Instructions for the task: Tally the lines of the entries below that hold the word "Laplacian", and please give only the total.
• • • •
definition kirchhoff_index :: "real mat \<Rightarrow> real" where
  "kirchhoff_index L = real (dim_row L) *
      (\<Sum>m\<leftarrow>tl (sorted_eigenvalues L). 1 / m)"

definition L_S :: "nat \<Rightarrow> real mat" where
  "L_S n = mat n n (\<lambda>(i,j).
     if i = j then 4
     else if j = i + 1 \<or> i = j + 1 then -1
     else if (i = 0 \<and> j = n - 1) \<or> (i = n - 1 \<and> j = 0) then 1
     else 0)"

end

theory Submission
  imports Defs "Berlekamp_Zassenhaus.Mahler_Measure"
begin

(* With vertex i' encoded as n + i, the Laplacian of M_n is the block matrix [[A, B], [B, A]],
   where A + B is the Laplacian of the cycle C_n and A - B = L_S; conjugation by [[I, I], [I, -I]]
   splits its spectrum into those of C_n and of L_S. Both are twisted circulants, with corner
   entries -s for s = 1 resp. s = -1, and are diagonalised by the Fourier basis l |-> e^(i l t_k),
   t_k = (2 pi k + phi) / n with e^(i phi) = s. Their eigenvalues are 2 - 2 cos (2 pi k / n) and
   4 - 2 cos ((2 k + 1) pi / n), positive except for the single zero of the cycle.
   The reciprocals of the nonzero cycle eigenvalues are the Fourier coefficients of the Green's
   function z_l = - l (n - l) / (2 n), which solves C z = e_0 - 1/n; since z_0 = 0 they add up to
   - (z_0 + ... + z_(n-1)) = (n^2 - 1) / 12, and Kf(M_n) = 2 n ((n^2 - 1) / 12 + sum 1 / beta_k). *)

lemma sorted_eigenvalues_eq_sort:
  assumes "A \<in> carrier_mat m m" and "length xs = m"
    and "char_poly A = (\<Prod>x\<leftarrow>xs. [:-x, 1:])"
  shows "sorted_eigenvalues A = sort xs"
  unfolding sorted_eigenvalues_def
proof (rule the_equality)
  have "(\<Prod>x\<leftarrow>sort xs. [:-x, 1:]) = (\<Prod>x\<leftarrow>xs. [:-x, 1:])"
    by (simp only: prod_mset_prod_list[symmetric] mset_map mset_sort)
  then show "sorted (sort xs) \<and> length (sort xs) = dim_row A \<and>
      char_poly A = (\<Prod>m\<leftarrow>sort xs. [:-m, 1:])"
    using assms by simp
next
  fix ys
  assume ys: "sorted ys \<and> length ys = dim_row A \<and> char_poly A = (\<Prod>m\<leftarrow>ys. [:-m, 1:])"
  then have "mset ys = mset xs"
    using assms(3) by (intro reconstruct_poly_monic_defines_mset) simp
  then show "ys = sort xs"
    using ys by (simp add: properties_for_sort)
qed

lemma kirchhoff_index_eq_sum_inverse:
  assumes L: "L \<in> carrier_mat N N" and len: "length xs + 1 = N"
    and char: "char_poly L = (\<Prod>x\<leftarrow>0 # xs. [:-x, 1:])" and pos: "\<forall>x\<in>set xs. x > 0"
  shows "kirchhoff_index L = real N * (\<Sum>x\<leftarrow>xs. 1 / x)"
proof -
  have "sorted_eigenvalues L = sort (0 # xs)"
    using L len char by (intro sorted_eigenvalues_eq_sort) auto
  also have "\<dots> = 0 # sort xs"
    using pos by (simp add: insort_is_Cons less_imp_le)
  finally have "tl (sorted_eigenvalues L) = sort xs" by simp
  moreover have "(\<Sum>x\<leftarrow>sort xs. 1 / x) = (\<Sum>x\<leftarrow>xs. 1 / x)"
    by (simp only: sum_mset_sum_list[symmetric] mset_map mset_sort)
  ultimately show ?thesis
    using L by (simp add: kirchhoff_index_def)
qed

lemma char_poly_diagonalized:
  fixes A F G :: "'a::field mat"
  assumes A: "A \<in> carrier_mat n n" and F: "F \<in> carrier_mat n n" and G: "G \<in> carrier_mat n n"
    and GF: "G * F = 1\<^sub>m n" and AF: "A * F = F * mat_diag n d"
  shows "char_poly A = (\<Prod>k\<leftarrow>[0..<n]. [:-d k, 1:])"
proof -
  have FG: "F * G = 1\<^sub>m n" by (rule mat_mult_left_right_inverse[OF G F GF])
  have "A = A * F * G"
    using A F G FG by (simp add: assoc_mult_mat)
  then have "A = F * mat_diag n d * G"
    by (simp only: AF)
  then have "similar_mat A (mat_diag n d)"
    using A F G FG GF by (intro similar_matI[of _ _ F G n]) auto
  then have "char_poly A = char_poly (mat_diag n d)" by (rule char_poly_similar)
  also have "\<dots> = (\<Prod>a\<leftarrow>diag_mat (mat_diag n d). [:-a, 1:])"
    by (rule char_poly_upper_triangular[OF mat_diag_dim]) (simp add: upper_triangular_def mat_diag_def)
  also have "diag_mat (mat_diag n d) = map d [0..<n]"
    by (rule nth_equalityI) (auto simp: diag_mat_def mat_diag_def)
  finally show ?thesis by (simp add: o_def)
qed

interpretation of_real_poly_hom: map_poly_inj_idom_hom complex_of_real ..

lemma char_poly_of_real_mat:
  fixes A :: "real mat"
  assumes A: "A \<in> carrier_mat n n"
    and char: "char_poly (map_mat complex_of_real A) = (\<Prod>x\<leftarrow>xs. [:-complex_of_real x, 1:])"
  shows "char_poly A = (\<Prod>x\<leftarrow>xs. [:-x, 1:])"
proof -
  have "map_poly complex_of_real (char_poly A) = char_poly (map_mat complex_of_real A)"
    by (rule of_real_hom.char_poly_hom[OF A, symmetric])
  also have "\<dots> = map_poly complex_of_real (\<Prod>x\<leftarrow>xs. [:-x, 1:])"
    unfolding char of_real_poly_hom.hom_prod_list by (simp add: o_def)
  finally show ?thesis by (rule of_real_poly_hom.injectivity)
qed

lemma char_poly_four_block_diag:
  fixes A :: "'a::idom mat"
  assumes A: "A \<in> carrier_mat n n" and B: "B \<in> carrier_mat m m"
  shows "char_poly (four_block_mat A (0\<^sub>m n m) (0\<^sub>m m n) B) = char_poly A * char_poly B"
proof -
  have "char_poly_matrix (four_block_mat A (0\<^sub>m n m) (0\<^sub>m m n) B) =
      four_block_mat (char_poly_matrix A) (0\<^sub>m n m) (0\<^sub>m m n) (char_poly_matrix B)"
    using A B by (intro eq_matI) (auto simp: char_poly_matrix_def)
  then show ?thesis
    unfolding char_poly_def using A B by (simp add: det_four_block_mat_upper_right_zero[of _ n _ m])
qed

lemma char_poly_four_block_symmetric:
  fixes A B :: "'a::field_char_0 mat"
  assumes A: "A \<in> carrier_mat n n" and B: "B \<in> carrier_mat n n"
  shows "char_poly (four_block_mat A B B A) = char_poly (A + B) * char_poly (A - B)"
proof -
  define P :: "'a mat" where "P = four_block_mat (1\<^sub>m n) (1\<^sub>m n) (1\<^sub>m n) (- 1\<^sub>m n)"
  define Q where "Q = (1 / 2 :: 'a) \<cdot>\<^sub>m P"
  define D where "D = four_block_mat (A + B) (0\<^sub>m n n) (0\<^sub>m n n) (A - B)"
  have carrier: "P \<in> carrier_mat (n + n) (n + n)" "Q \<in> carrier_mat (n + n) (n + n)"
    "D \<in> carrier_mat (n + n) (n + n)"
    using A B by (auto simp: P_def Q_def D_def)
  have "P * P = 2 \<cdot>\<^sub>m 1\<^sub>m (n + n)"
    unfolding P_def by (subst mult_four_block_mat) (auto intro!: eq_matI)
  then have PQ: "P * Q = 1\<^sub>m (n + n)" and QP: "Q * P = 1\<^sub>m (n + n)"
    using carrier by (auto simp: Q_def mult_smult_distrib mult_smult_assoc_mat)
  let ?M = "four_block_mat A B B A"
  have M: "?M \<in> carrier_mat (n + n) (n + n)" using A by simp
  have MP: "?M * P = P * D"
    unfolding P_def D_def using A B
    by (subst (1 2) mult_four_block_mat) (auto simp: algebra_simps)
  have "?M = ?M * P * Q"
    using M carrier PQ by (simp add: assoc_mult_mat right_mult_one_mat[OF M])
  then have "?M = P * D * Q"
    by (simp only: MP)
  then have "similar_mat ?M D"
    using M carrier PQ QP by (intro similar_matI[of _ _ P Q "n + n"]) auto
  then have "char_poly ?M = char_poly D"
    by (rule char_poly_similar)
  also have "\<dots> = char_poly (A + B) * char_poly (A - B)"
    unfolding D_def using A B by (intro char_poly_four_block_diag) auto
  finally show ?thesis .
qed

lemma sum_cis_root_of_unity:
  assumes n: "n > 0" and m: "\<bar>m\<bar> < int n"
  shows "(\<Sum>l<n. cis (real l * (2 * pi * of_int m / real n))) = (if m = 0 then of_nat n else 0)"
proof (cases "m = 0")
  case False
  define \<omega> where "\<omega> = cis (2 * pi * of_int m / real n)"
  have "\<omega> \<noteq> 1"
  proof
    assume "\<omega> = 1"
    then obtain k :: int where "2 * pi * of_int m / real n = of_int k * 2 * pi"
      by (auto simp: \<omega>_def complex_eq_iff cos_one_2pi_int)
    with n have "of_int m = real n * of_int k" by (simp add: field_simps)
    then have mk: "m = int n * k" by (metis of_int_eq_iff of_int_mult of_int_of_nat_eq)
    with m have "int n * \<bar>k\<bar> < int n * 1" by (simp add: abs_mult)
    with n have "k = 0" by (simp add: mult_less_cancel_left)
    with mk False show False by simp
  qed
  have "(\<Sum>l<n. cis (real l * (2 * pi * of_int m / real n))) = (\<Sum>l<n. \<omega> ^ l)"
    by (simp add: \<omega>_def DeMoivre)
  also have "\<dots> = (\<omega> ^ n - 1) / (\<omega> - 1)" by (rule geometric_sum[OF \<open>\<omega> \<noteq> 1\<close>])
  also have "\<omega> ^ n = cis (2 * pi * of_int m)" using n by (simp add: \<omega>_def DeMoivre)
  also have "\<dots> = 1" by (rule cis_multiple_2pi) simp
  finally show ?thesis using False by simp
qed simp

lemma cis_add_plus_cis_diff: "cis (a + b) + cis (a - b) = complex_of_real (2 * cos b) * cis a"
  by (simp add: complex_eq_iff cos_add cos_diff sin_add sin_diff)

lemma index_mult_mat_sum:
  assumes "A \<in> carrier_mat n m" "B \<in> carrier_mat m p" "i < n" "j < p"
  shows "(A * B) $$ (i,j) = (\<Sum>l<m. A $$ (i,l) * B $$ (l,j))"
  using assms by (simp add: scalar_prod_def lessThan_atLeast0)

definition twisted_cycle_mat :: "nat \<Rightarrow> real \<Rightarrow> real \<Rightarrow> real mat" where
  "twisted_cycle_mat n c s = mat n n (\<lambda>(i,j).
     if i = j then c
     else if j = i + 1 \<or> i = j + 1 then -1
     else if (i = 0 \<and> j = n - 1) \<or> (i = n - 1 \<and> j = 0) then -s
     else 0)"

lemma twisted_cycle_mat_carrier [simp]: "twisted_cycle_mat n c s \<in> carrier_mat n n"
  by (simp add: twisted_cycle_mat_def)

lemma twisted_cycle_mat_dim [simp]:
  "dim_row (twisted_cycle_mat n c s) = n" "dim_col (twisted_cycle_mat n c s) = n"
  by (simp_all add: twisted_cycle_mat_def)

lemma twisted_cycle_mat_symmetric:
  "i < n \<Longrightarrow> j < n \<Longrightarrow>
    twisted_cycle_mat n c s $$ (i,j) = twisted_cycle_mat n c s $$ (j,i)"
  by (auto simp: twisted_cycle_mat_def)

lemma twisted_cycle_mat_row_entry:
  assumes n: "n \<ge> 3" and j: "j < n" and l: "l < n"
    and p: "p = (if j + 1 < n then j + 1 else 0)" and q: "q = (if 0 < j then j - 1 else n - 1)"
  shows "twisted_cycle_mat n c s $$ (j,l) = (if l = j then c else 0)
    - (if l = p then (if j + 1 < n then 1 else s) else 0)
    - (if l = q then (if 0 < j then 1 else s) else 0)"
proof -
  have M: "twisted_cycle_mat n c s $$ (j,l) = (if j = l then c else if l = j + 1 \<or> j = l + 1 then -1
      else if (j = 0 \<and> l = n - 1) \<or> (j = n - 1 \<and> l = 0) then -s else 0)"
    using j l by (simp add: twisted_cycle_mat_def)
  have pq: "p \<noteq> j" "q \<noteq> j" "p \<noteq> q"
    using n j by (auto simp: p q)
  consider "l = j" | "l = p" | "l = q" | "l \<noteq> j" "l \<noteq> p" "l \<noteq> q" by blast
  then show ?thesis
  proof cases
    case 1
    then show ?thesis using M pq by simp
  next
    case 2
    then show ?thesis using M pq n j unfolding p by (cases "j + 1 < n") auto
  next
    case 3
    then show ?thesis using M pq n j unfolding q by (cases "0 < j") auto
  next
    case 4
    then have "l \<noteq> j + 1" "j \<noteq> l + 1" "\<not> (j = 0 \<and> l = n - 1)" "\<not> (j = n - 1 \<and> l = 0)"
      using n l unfolding p q by (auto split: if_splits)
    then show ?thesis using M 4 by auto
  qed
qed

lemma twisted_cycle_mat_row_sum:
  fixes x :: "nat \<Rightarrow> 'a::real_algebra_1"
  assumes n: "n \<ge> 3" and j: "j < n"
  shows "(\<Sum>l<n. of_real (twisted_cycle_mat n c s $$ (j,l)) * x l) =
    of_real c * x j
    - of_real (if j + 1 < n then 1 else s) * x (if j + 1 < n then j + 1 else 0)
    - of_real (if 0 < j then 1 else s) * x (if 0 < j then j - 1 else n - 1)"
proof -
  define p where "p = (if j + 1 < n then j + 1 else 0)"
  define q where "q = (if 0 < j then j - 1 else n - 1)"
  have pq: "p < n" "q < n" "p \<noteq> j" "q \<noteq> j" "p \<noteq> q"
    using n j by (auto simp: p_def q_def)
  have "(\<Sum>l<n. of_real (twisted_cycle_mat n c s $$ (j,l)) * x l) =
      (\<Sum>l<n. (if l = j then of_real c * x j else 0)
        - (if l = p then of_real (if j + 1 < n then 1 else s) * x p else 0)
        - (if l = q then of_real (if 0 < j then 1 else s) * x q else 0))"
    by (intro sum.cong refl) (auto simp: twisted_cycle_mat_row_entry[OF n j _ p_def q_def] algebra_simps)
  also have "\<dots> = of_real c * x j - of_real (if j + 1 < n then 1 else s) * x p
      - of_real (if 0 < j then 1 else s) * x q"
    using pq j by (simp add: sum_subtractf)
  finally show ?thesis by (simp add: p_def q_def)
qed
• • • •
Exercise solution: 2